I blinking, startled again by the change in Donal’s voice.
But when he looked at me, the thunderous look I’d seen in his eyes smoothed.
“Pay ‘em no mind, huntress,” he said. “They can’t help being unlearned in books and narrow in thought. You look well dressed as a red witch,” he added, glancing down me a second time. “I’m sorry for staring, but I’d only ever seen you in that horrible sack they made you wear at the monastery. You look well, indeed.”
I saw the witch the red hair
raise an eyebrow at Donal, glancing between the two of us with an openly incredulous look on her face.
Then, looking me over, her eyes cleared.
“I’m startin’ to understand why ye disobeyed orders, Donal,” she said, her voice mocking, but in a good-natured kind of way. “Damn. How did I not see it before? But I wonder if yer sister will thank ye? For leaving her in that damn’d place for a piece o’ ass, no matter how fancy. Especial’ when they all but promised to spring ‘er for ye, if you just did this one task.”

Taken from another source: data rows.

text \<open>
  \<open>Op\<^sub>n[G]\<close> with \<open>G = (X - a\<^sub>1)\<^bsup>r+1\<^esup> \<Prod>\<^sub>l\<^sub>\<noteq>\<^sub>j (X - a\<^sub>l)\<close> kills every basis solution except
  \<open>\<Delta>\<^sub>j powr (-1/2)\<close>, on which it is nonzero since \<open>G(a\<^sub>j) \<noteq> 0\<close>.
\<close>

lemma sol_comb_simple_coeff_eq_0:
  assumes z: "\<forall>t\<in>I. sol_comb v 0 t = 0" and j: "j \<in> {r+1..n}"
  shows "v j = 0"
proof -
  obtain t where t: "t \<in> I" using I_nonempty by auto
  define G where "G = [:-a 1, 1:] ^ Suc r * (\<Prod>i\<in>{r+1..n}-{j}. [:-a i, 1:])"
  have "degree G = Suc r + card ({r+1..n}-{j})"
    unfolding G_def by (rule degree_linear_power_mult_prod) simp
  hence dG: "degree G \<le> n" using j by simp
  have a_neq: "a j \<noteq> a i" if "i \<in> {1} \<union> {r+1..n}" "i \<noteq> j" for i
    using inj j that unfolding inj_on_def by blast
  have "a j \<noteq> a 1" using a_neq[of 1] j r2 by auto
  moreover have "\<forall>i\<in>{r+1..n}-{j}. a j \<noteq> a i" using a_neq by blast
  ultimately have Gj: "poly G (a j) \<noteq> 0"
    unfolding G_def by (auto simp: poly_prod prod_zero_iff)
  have others: "Op_derivs n G (basis_sol p) t = 0" if p: "p \<in> {1..n}-{j}" for p
  proof (rule Op_derivs_basis_sol_eq_0[OF dG _ t])
    show "p \<in> {1..n}" using p by simp
    show "\<forall>m<p. poly ((pderiv ^^ m) G) (a 1) = 0" if "p \<le> r"
    proof (intro allI impI)
      fix m assume "m < p"
      moreover have "[:-a 1, 1:] ^ Suc r dvd G" unfolding G_def by simp
      ultimately show "poly ((pderiv ^^ m) G) (a 1) = 0"
        using that by (intro higher_pderiv_root_eq_0[of "a 1" "Suc r"]) simp_all
    qed
    show "poly G (a p) = 0" if "r < p"
      using that p unfolding G_def by (auto simp: poly_prod prod_zero_iff)
  qed
  have "Op_derivs n G (basis_sol j) t
      = (eps j * (t - a j)) powr (1/2 - real (Suc 0)) / (a j - t) ^ n * poly G (a j)"
    using j Op_derivs_affine_powr_neg_half[OF dG eps_simple[OF j] Delta_simple_pos[OF t j]]
    by (simp add: basis_sol_def)
  moreover have "a j - t \<noteq> 0" using Delta_simple_pos[OF t j] by auto
  ultimately have jth: "Op_derivs n G (basis_sol j) t \<noteq> 0"
    using Delta_simple_pos[OF t j] Gj eps_simple[OF j] by auto
  have "0 = Op n G (sol_comb v 0) t"
    by (rule Op_eq_0_if_vanishing[OF open_I _ t, symmetric]) (use z in auto)
  also have "\<dots> = Op_derivs n G (sol_comb v) t"
    by (rule Op_eq_Op_derivs[OF open_I has_derivs_on_sol_comb _ t]) simp
  also have "\<dots> = (\<Sum>p\<in>{1..n}. v p * Op_derivs n G (basis_sol p) t)"
    unfolding sol_comb_def[abs_def] by (rule Op_derivs_sum)
  also have "\<dots> = v j * Op_derivs n G (basis_sol j) t"
  proof -
    have "j \<in> {1..n}" using j by simp
    thus ?thesis using sum.remove[of "{1..n}" j "\<lambda>p. v p * Op_derivs n G (basis_sol p) t"] others
      by simp
  qed
  finally show "v j = 0" using jth by simp
qed

text \<open>
  What remains of a vanishing combination is \<open>\<Delta>\<^sub>1 powr (1/2 - r) * P(\<Delta>\<^sub>1)\<close> with the polynomial
  \<open>P = \<Sum>\<^sub>q v\<^sub>q X\<^bsup>r-q\<^esup>\<close>, which has the infinitely many roots \<open>\<Delta>\<^sub>1(I)\<close>.
\<close>

lemma sol_comb_multiple_coeff_eq_0:
  assumes z: "\<forall>t\<in>I. sol_comb v 0 t = 0" and p: "p \<in> {1..r}"
  shows "v p = 0"
proof -
  define D where "D t = eps 1 * (t - a 1)" for t
  define P where "P = (\<Sum>q\<in>{1..r}. monom (v q) (r - q))"
  have root: "poly P (D t) = 0" if t: "t \<in> I" for t
  proof -
    have Dp: "D t > 0" unfolding D_def using Delta_1_pos[OF t] .
    have "sol_comb v 0 t = (\<Sum>q\<in>{1..r}. v q * basis_sol q 0 t) + (\<Sum>q\<in>{r+1..n}. v q * basis_sol q 0 t)"
      unfolding sol_comb_def split_1n by (rule sum.union_disjoint) auto
    also have "(\<Sum>q\<in>{r+1..n}. v q * basis_sol q 0 t) = 0"
      using sol_comb_simple_coeff_eq_0[OF z] by simp
    also have "(\<Sum>q\<in>{1..r}. v q * basis_sol q 0 t) = (\<Sum>q\<in>{1..r}. v q * D t powr (1/2 - real q))"
      by (intro sum.cong refl) (auto simp: basis_sol_def D_def)
    finally have s0: "(\<Sum>q\<in>{1..r}. v q * D t powr (1/2 - real q)) = 0" using z t by simp
    have "poly P (D t) = (\<Sum>q\<in>{1..r}. v q * D t ^ (r - q))"
      unfolding P_def by (simp add: poly_sum poly_monom)
    also have "\<dots> = (\<Sum>q\<in>{1..r}. v q * D t powr (1/2 - real q)) * D t powr (real r - 1/2)"
      unfolding sum_distrib_right
    proof (intro sum.cong refl)
      fix q assume q: "q \<in> {1..r}"
      have "D t powr (1/2 - real q) * D t powr (real r - 1/2) = D t powr (real (r - q))"
        using q by (simp add: powr_add[symmetric] of_nat_diff)
      also have "\<dots> = D t ^ (r - q)" using Dp by (simp add: powr_realpow)
      finally show "v q * D t ^ (r - q) = v q * D t powr (1/2 - real q) * D t powr (real r - 1/2)"
        by simp
    qed
    also have "\<dots> = 0" using s0 by simp
    finally show ?thesis .
  qed
  have "inj_on D I" unfolding D_def inj_on_def using eps_1 by auto
  hence "infinite (D ` I)" using I_infinite finite_imageD by blast
  moreover have "D ` I \<subseteq> {x. poly P x = 0}" using root by auto
  ultimately have "P = 0" using poly_roots_finite finite_subset by blast
  hence "coeff P (r - p) = 0" by simp
  moreover have "coeff P (r - p) = (\<Sum>q\<in>{1..r}. if q = p then v q else 0)"
    unfolding P_def coeff_sum coeff_monom by (intro sum.cong refl) (use p in auto)
  ultimately show "v p = 0" using p by simp
qed

lemma sol_comb_eq_0_imp_coeffs_eq_0:
  assumes "\<forall>t\<in>I. sol_comb v 0 t = 0" "p \<in> {1..n}"
  shows "v p = 0"
  using assms sol_comb_simple_coeff_eq_0 sol_comb_multiple_coeff_eq_0 split_1n by blast

text \<open>
  The Wronskian matrix of the basis at \<open>t\<^sub>0\<close>; column \<open>j\<close> belongs to the basis solution
  \<open>j + 1\<close>.
\<close>

definition wronskian :: "real \<Rightarrow> real mat" where
  "wronskian t0 = Matrix.mat n n (\<lambda>(i, j). basis_sol (Suc j) i t0)"

lemma wronskian_mult_vec:
  assumes "k < n" "w \<in> carrier_vec n"
  shows "(wronskian t0 *\<^sub>v w) $ k = sol_comb (\<lambda>p. w $ (p - 1)) k t0"
proof -
  have "(wronskian t0 *\<^sub>v w) $ k = (\<Sum>j\<in>{0..<n}. basis_sol (Suc j) k t0 * w $ j)"
    using assms unfolding wronskian_def by (simp add: scalar_prod_def)
  also have "\<dots> = (\<Sum>p\<in>{1..n}. w $ (p - 1) * basis_sol p k t0)"
    by (rule sum.reindex_bij_witness[where i="\<lambda>p. p - 1" and j="Suc"]) auto
  finally show ?thesis unfolding sol_comb_def .
qed

lemma sol_comb_initial_values_eq_0:
  assumes t0: "t0 \<in> I" and init: "\<forall>k<n. sol_comb v k t0 = 0" and t: "t \<in> I"
  shows "sol_comb v 0 t = 0"
proof (rule Op_F_unique[OF _ _ t0 _ t])
  show "ndiff_on n (sol_comb v 0) I"
    by (rule has_derivs_on_imp_ndiff_on[OF open_I has_derivs_on_sol_comb]) simp
  show "\<forall>t\<in>I. Op n F (sol_comb v 0) t = 0" using Op_sol_comb by blast
  show "\<forall>k<n. (deriv ^^ k) (sol_comb v 0) t0 = 0"
    using has_derivs_on_iter_deriv[OF open_I has_derivs_on_sol_comb _ t0] init by simp
qed

lemma wronskian_det_nonzero:
  assumes t0: "t0 \<in> I"
  shows "Determinant.det (wronskian t0) \<noteq> 0"
proof
  have A: "wronskian t0 \<in> carrier_mat n n" unfolding wronskian_def by simp
  assume "Determinant.det (wronskian t0) = 0"
  then obtain w where w: "w \<in> carrier_vec n" "w \<noteq> 0\<^sub>v n" "wronskian t0 *\<^sub>v w = 0\<^sub>v n"
    using det_0_iff_vec_prod_zero[OF A] by blast
  have "\<forall>k<n. sol_comb (\<lambda>p. w $ (p - 1)) k t0 = 0"
    using wronskian_mult_vec[OF _ w(1)] w(3) by (metis index_zero_vec(1))
  hence z: "\<forall>t\<in>I. sol_comb (\<lambda>p. w $ (p - 1)) 0 t = 0"
    using sol_comb_initial_values_eq_0[OF t0] by blast
  have "w $ i = 0" if "i < n" for i
    using sol_comb_eq_0_imp_coeffs_eq_0[OF z, of "Suc i"] that by simp
  hence "w = 0\<^sub>v n" using w(1) by (intro eq_vecI) auto
  with w(2) show False ..
qed

lemma solution_in_span:
  assumes nd: "ndiff_on n x I" and ode: "\<forall>t\<in>I. Op n F x t = 0"
  shows "\<exists>v. \<forall>t\<in>I. x t = sol_comb v 0 t"
proof -
  obtain t0 where t0: "t0 \<in> I" using I_nonempty by auto
  define A where "A = wronskian t0"
  have A: "A \<in> carrier_mat n n" unfolding A_def wronskian_def by simp
  obtain B where B: "B \<in> carrier_mat n n" "A * B = 1\<^sub>m n"
    using det_non_zero_imp_unit[OF A wronskian_det_nonzero[OF t0, folded A_def]]
    unfolding Units_def ring_mat_def by auto
  define d where "d = Matrix.vec n (\<lambda>k. (deriv ^^ k) x t0)"
  define w where "w = B *\<^sub>v d"
  have dc: "d \<in> carrier_vec n" unfolding d_def by simp
  have wc: "w \<in> carrier_vec n" unfolding w_def using B(1) dc by simp
  have Aw: "A *\<^sub>v w = d"
    unfolding w_def using assoc_mult_mat_vec[OF A B(1) dc, symmetric] B(2) dc by simp
  let ?h = "sol_comb (\<lambda>p. w $ (p - 1)) 0"
  have nh: "ndiff_on n ?h I"
    by (rule has_derivs_on_imp_ndiff_on[OF open_I has_derivs_on_sol_comb]) simp
  have "x t - ?h t = 0" if t: "t \<in> I" for t
  proof (rule Op_F_unique[OF ndiff_on_diff[OF open_I nd nh] _ t0 _ t])
    show "\<forall>t\<in>I. Op n F (\<lambda>t. x t - ?h t) t = 0"
      using Op_diff[OF open_I nd nh] ode Op_sol_comb by simp
    show "\<forall>k<n. (deriv ^^ k) (\<lambda>t. x t - ?h t) t0 = 0"
    proof (intro allI impI)
      fix k assume k: "k < n"
      have "(deriv ^^ k) ?h t0 = sol_comb (\<lambda>p. w $ (p - 1)) k t0"
        by (rule has_derivs_on_iter_deriv[OF open_I has_derivs_on_sol_comb _ t0]) simp
      also have "\<dots> = (deriv ^^ k) x t0"
        using wronskian_mult_vec[OF k wc, of t0] Aw k unfolding A_def d_def by simp
      finally show "(deriv ^^ k) (\<lambda>t. x t - ?h t) t0 = 0"
        using iter_deriv_diff[OF open_I nd nh _ t0] k by simp
    qed
  qed
  thus ?thesis by auto
qed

“They would’ve killed ‘er,” Donal said, his voice cold as he addressed the red-haired witch. “Her own mother. At least I forced ‘em to bring ‘er back here... and I know the fire temple in the palace exists now. Which means Kaitlin is likely alive.”
“An’ if they kill yer sister instead o’ yer new friend?”

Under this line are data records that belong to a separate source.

(* Let $M$ be a $3$-connected simple matroid with a $3$-connected simple minor $N$. Suppose that $(C^*,p)$ is a disconnected $(M,N)$-vertbarrier with line $L$, and that $y\in L$ is not vertically $N$-contractible in $M$. Then there is an $(M,N)$-vertbarrier $(D^*,y)$ with $L-y\subseteq D^*$.
   Context: An element $y$ is vertically $N$-contractible in $M$ if $\mathrm{si}(M/y)$ (the simplification) is a $3$-connected matroid with an $N$-minor. An $(M,N)$-vertbarrier is a pair $(C^*,p)$ where $C^*$ is a cocircuit of $M$ of rank $3$, $p\in\mathrm{cl}_M(C^* )-C^*$, and $\mathrm{si}(M/\{x,p\})$ is $3$-connected with an $N$-minor for some $x\in C^*$. It is disconnected if $M|(C^*\cup p)$ is disconnected; in that case $M|(C^*\cup p)$ is the direct sum of a rank-$2$ restriction (a line with at least three elements) and a single coloop, and the ground set of the rank-$2$ part is called the line of $(C^*,p)$. *)

theory Defs
  imports Main
begin

record 'a matroid =
  ground :: "'a set"
  indep :: "'a set \<Rightarrow> bool"

definition matroid :: "('a, 'c) matroid_scheme \<Rightarrow> bool" where
  "matroid M \<longleftrightarrow> finite (ground M) \<and> indep M {} \<and>
     (\<forall>I. indep M I \<longrightarrow> I \<subseteq> ground M) \<and>
     (\<forall>I J. indep M J \<and> I \<subseteq> J \<longrightarrow> indep M I) \<and>
     (\<forall>I J. indep M I \<and> indep M J \<and> card I < card J \<longrightarrow>
        (\<exists>x\<in>J - I. indep M (insert x I)))"

definition rk :: "'a matroid \<Rightarrow> 'a set \<Rightarrow> nat" where
  "rk M X = Max (card ` {I. I \<subseteq> X \<and> indep M I})"

definition cl :: "'a matroid \<Rightarrow> 'a set \<Rightarrow> 'a set" where
  "cl M X = {x \<in> ground M. rk M (insert x X) = rk M X}"

definition basis :: "'a matroid \<Rightarrow> 'a set \<Rightarrow> bool" where
  "basis M B \<longleftrightarrow> indep M B \<and> (\<forall>I. indep M I \<and> B \<subseteq> I \<longrightarrow> I = B)"

definition dual :: "'a matroid \<Rightarrow> 'a matroid" where
  "dual M = \<lparr>ground = ground M,
     indep = (\<lambda>I. I \<subseteq> ground M \<and> (\<exists>B. basis M B \<and> I \<inter> B = {}))\<rparr>"

definition circuit :: "'a matroid \<Rightarrow> 'a set \<Rightarrow> bool" where
  "circuit M C \<longleftrightarrow> C \<subseteq> ground M \<and> \<not> indep M C \<and> (\<forall>x\<in>C. indep M (C - {x}))"

definition cocircuit :: "'a matroid \<Rightarrow> 'a set \<Rightarrow> bool" where
  "cocircuit M C \<longleftrightarrow> circuit (dual M) C"

definition restrict :: "'a matroid \<Rightarrow> 'a set \<Rightarrow> 'a matroid" where
  "restrict M Y = \<lparr>ground = ground M \<inter> Y, indep = (\<lambda>I. I \<subseteq> ground M \<inter> Y \<and> indep M I)\<rparr>"

definition delete :: "'a matroid \<Rightarrow> 'a set \<Rightarrow> 'a matroid" where
  "delete M X = restrict M (ground M - X)"

definition contract :: "'a matroid \<Rightarrow> 'a set \<Rightarrow> 'a matroid" where
  "contract M X = \<lparr>ground = ground M - X,
     indep = (\<lambda>I. I \<subseteq> ground M - X \<and> rk M (I \<union> X) = card I + rk M X)\<rparr>"

definition is_minor :: "'a matroid \<Rightarrow> 'a matroid \<Rightarrow> bool" where
  "is_minor M' M \<longleftrightarrow> (\<exists>C D. C \<subseteq> ground M \<and> D \<subseteq> ground M \<and> C \<inter> D = {} \<and>
      M' = delete (contract M C) D)"

definition iso :: "'b matroid \<Rightarrow> 'a matroid \<Rightarrow> bool" where
  "iso N M \<longleftrightarrow> (\<exists>f. bij_betw f (ground N) (ground M) \<and>
      (\<forall>I. I \<subseteq> ground N \<longrightarrow> (indep N I \<longleftrightarrow> indep M (f ` I))))"

definition has_minor :: "'a matroid \<Rightarrow> 'b matroid \<Rightarrow> bool" where
  "has_minor M N \<longleftrightarrow> (\<exists>M'. is_minor M' M \<and> iso N M')"

definition loop :: "'a matroid \<Rightarrow> 'a \<Rightarrow> bool" where
  "loop M x \<longleftrightarrow> x \<in> ground M \<and> \<not> indep M {x}"

definition parallel :: "'a matroid \<Rightarrow> 'a \<Rightarrow> 'a \<Rightarrow> bool" where
  "parallel M x y \<longleftrightarrow> x \<in> ground M \<and> y \<in> ground M \<and> x \<noteq> y \<and>
     indep M {x} \<and> indep M {y} \<and> \<not> indep M {x, y}"

definition simple :: "'a matroid \<Rightarrow> bool" where
  "simple M \<longleftrightarrow> (\<forall>x\<in>ground M. indep M {x}) \<and>
     (\<forall>x\<in>ground M. \<forall>y\<in>ground M. x \<noteq> y \<longrightarrow> indep M {x, y})"

text \<open>S is a simplification of M: delete all loops and all but one element
  of each parallel class (defined up to the choice of representatives).\<close>
definition simplification :: "'a matroid \<Rightarrow> 'a matroid \<Rightarrow> bool" where
  "simplification M S \<longleftrightarrow> (\<exists>T. T \<subseteq> ground M \<and> S = restrict M T \<and>
     (\<forall>t\<in>T. \<not> loop M t) \<and>
     (\<forall>x\<in>ground M. \<not> loop M x \<longrightarrow> (\<exists>!t. t \<in> T \<and> (t = x \<or> parallel M x t))))"

definition tutte_sep :: "'a matroid \<Rightarrow> nat \<Rightarrow> 'a set \<Rightarrow> bool" where
  "tutte_sep M k X \<longleftrightarrow> X \<subseteq> ground M \<and> card X \<ge> k \<and> card (ground M - X) \<ge> k \<and>
     rk M X + rk M (ground M - X) < rk M (ground M) + k"

definition connected :: "'a matroid \<Rightarrow> bool" where
  "connected M \<longleftrightarrow> \<not> (\<exists>X. tutte_sep M 1 X)"

definition three_connected :: "'a matroid \<Rightarrow> bool" where
  "three_connected M \<longleftrightarrow> \<not> (\<exists>X. tutte_sep M 1 X) \<and> \<not> (\<exists>X. tutte_sep M 2 X)"

definition si_contract_good :: "'a matroid \<Rightarrow> 'b matroid \<Rightarrow> 'a set \<Rightarrow> bool" where
  "si_contract_good M N X \<longleftrightarrow>
     (\<exists>S. simplification (contract M X) S \<and> three_connected S \<and> has_minor S N)"

definition vert_contractible :: "'a matroid \<Rightarrow> 'b matroid \<Rightarrow> 'a \<Rightarrow> bool" where
  "vert_contractible M N y \<longleftrightarrow> y \<in> ground M \<and> si_contract_good M N {y}"

definition vertbarrier :: "'a matroid \<Rightarrow> 'b matroid \<Rightarrow> 'a set \<Rightarrow> 'a \<Rightarrow> bool" where
  "vertbarrier M N C p \<longleftrightarrow> cocircuit M C \<and> rk M C = 3 \<and> p \<in> cl M C - C \<and>
     (\<exists>x\<in>C. si_contract_good M N {x, p})"

text \<open>L is the line of the disconnected vertbarrier (C,p): M|(C \<union> p) is the direct
  sum of M|L (rank 2, at least three elements) and a single (coloop) element.\<close>
definition line_of :: "'a matroid \<Rightarrow> 'a set \<Rightarrow> 'a \<Rightarrow> 'a set \<Rightarrow> bool" where
  "line_of M C p L \<longleftrightarrow> L \<subseteq> insert p C \<and> card (insert p C - L) = 1 \<and>
     rk M L = 2 \<and> card L \<ge> 3 \<and> rk M (insert p C - L) = 1 \<and>
     rk M L + rk M (insert p C - L) = rk M (insert p C)"

end

theory Submission
  imports Defs
begin

text \<open>Take \<open>w \<in> L - {y}\<close>. Since \<open>L\<close> is a line through \<open>p\<close> and the vertbarrier provides some
  \<open>x \<in> C\<close> with \<open>si (M / {x, p})\<close> 3-connected with an \<open>N\<close>-minor, the same holds for a pair of
  points of \<open>L\<close> (if \<open>x\<close> is the coloop \<open>z\<close>, exchange it for a point of \<open>L\<close>), hence for
  \<open>{w, y}\<close>, which spans the same line. As \<open>si (M / y)\<close> is not both 3-connected and with an
  \<open>N\<close>-minor, while the 3-connected \<open>si (M / {w, y})\<close> is a minor of it, \<open>si (M / y)\<close> has a
  2-separation. The 3-connectivity of \<open>si (M / {w, y})\<close> shapes that separation so that the side
  avoiding \<open>w\<close> spans, with \<open>y\<close>, a hyperplane \<open>H\<close> of \<open>M\<close> not containing \<open>w\<close> whose complement
  has rank 3. Then \<open>D = E - H\<close> is a cocircuit of rank 3 meeting \<open>L\<close> in \<open>L - {y}\<close>, and
  \<open>(D, y)\<close> is the required vertbarrier.\<close>

locale finite_matroid =
  fixes M :: "'a matroid"
  assumes matroid: "matroid M"
begin

abbreviation "E \<equiv> ground M"
abbreviation "r \<equiv> rk M"

lemma finite_ground: "finite E"
  using matroid unfolding matroid_def by blast

lemma indep_empty: "indep M {}"
  using matroid unfolding matroid_def by blast

lemma indep_subset_ground: "indep M I \<Longrightarrow> I \<subseteq> E"
  using matroid unfolding matroid_def by blast

lemma indep_subset: "indep M J \<Longrightarrow> I \<subseteq> J \<Longrightarrow> indep M I"
  using matroid unfolding matroid_def by blast

lemma indep_augment:
  "indep M I \<Longrightarrow> indep M J \<Longrightarrow> card I < card J \<Longrightarrow> \<exists>x\<in>J - I. indep M (insert x I)"
  using matroid unfolding matroid_def by blast

lemma indep_finite: "indep M I \<Longrightarrow> finite I"
  using indep_subset_ground finite_ground by (meson finite_subset)

lemma finite_indep_cards: "finite (card ` {I. I \<subseteq> X \<and> indep M I})"
proof -
  have "{I. I \<subseteq> X \<and> indep M I} \<subseteq> Pow E"
    using indep_subset_ground by blast
  then show ?thesis
    using finite_ground by (simp add: finite_subset)
qed

lemma card_le_rk: "I \<subseteq> X \<Longrightarrow> indep M I \<Longrightarrow> card I \<le> r X"
  unfolding rk_def using finite_indep_cards by (intro Max_ge) auto

lemma rk_witness:
  obtains I where "I \<subseteq> X" "indep M I" "card I = r X"
proof -
  have "{} \<in> {I. I \<subseteq> X \<and> indep M I}"
    using indep_empty by blast
  then have "r X \<in> card ` {I. I \<subseteq> X \<and> indep M I}"
    unfolding rk_def using finite_indep_cards by (intro Max_in) auto
  then obtain I where "I \<subseteq> X" "indep M I" "r X = card I"
    by blast
  then show thesis
    using that by simp
qed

“Kaitlin wouldn’t want me to murder another for her,” Donal said, his voice gruffer than before. “She’d never forgive me fer it.”
“You ‘aven’t seen ‘er since she was a baby,” Yanna countered. “How could you possibly know what she’d want?”
“She wouldn’t,” he said, his voice just as stubborn. “If she’s related to me, she won’t be that different. None of ourn would want that... certainly not to kill red kin. She’s one of us.” He pointed at me, so I knew he meant me that time, not his sister. “I couldna’ leave her there. Any of you would have done the same as me. Any of you. And if you treat ‘er differen’ than the rest o’ us, or blame ‘er for Kaitlin’s fate, ye’ll answer to me.”
At that, the woman who called herself Yanna laughed.
“Good to see yer thinking clearly about it,” she snorted. Giving me another brief once-over, she smiled when she met my gaze. It was a lot more friendly that time, but she still aimed acerbic words at Donal. “...Although I’m still not convinced yer not thinkin’ with ‘nother part of yer body than yer mind, brother hunter. A decided more capricious part, that maybe liked this doe-eyed red witch more than yer admittin’.”
Donal gave his friend a death stare, but didn’t answer.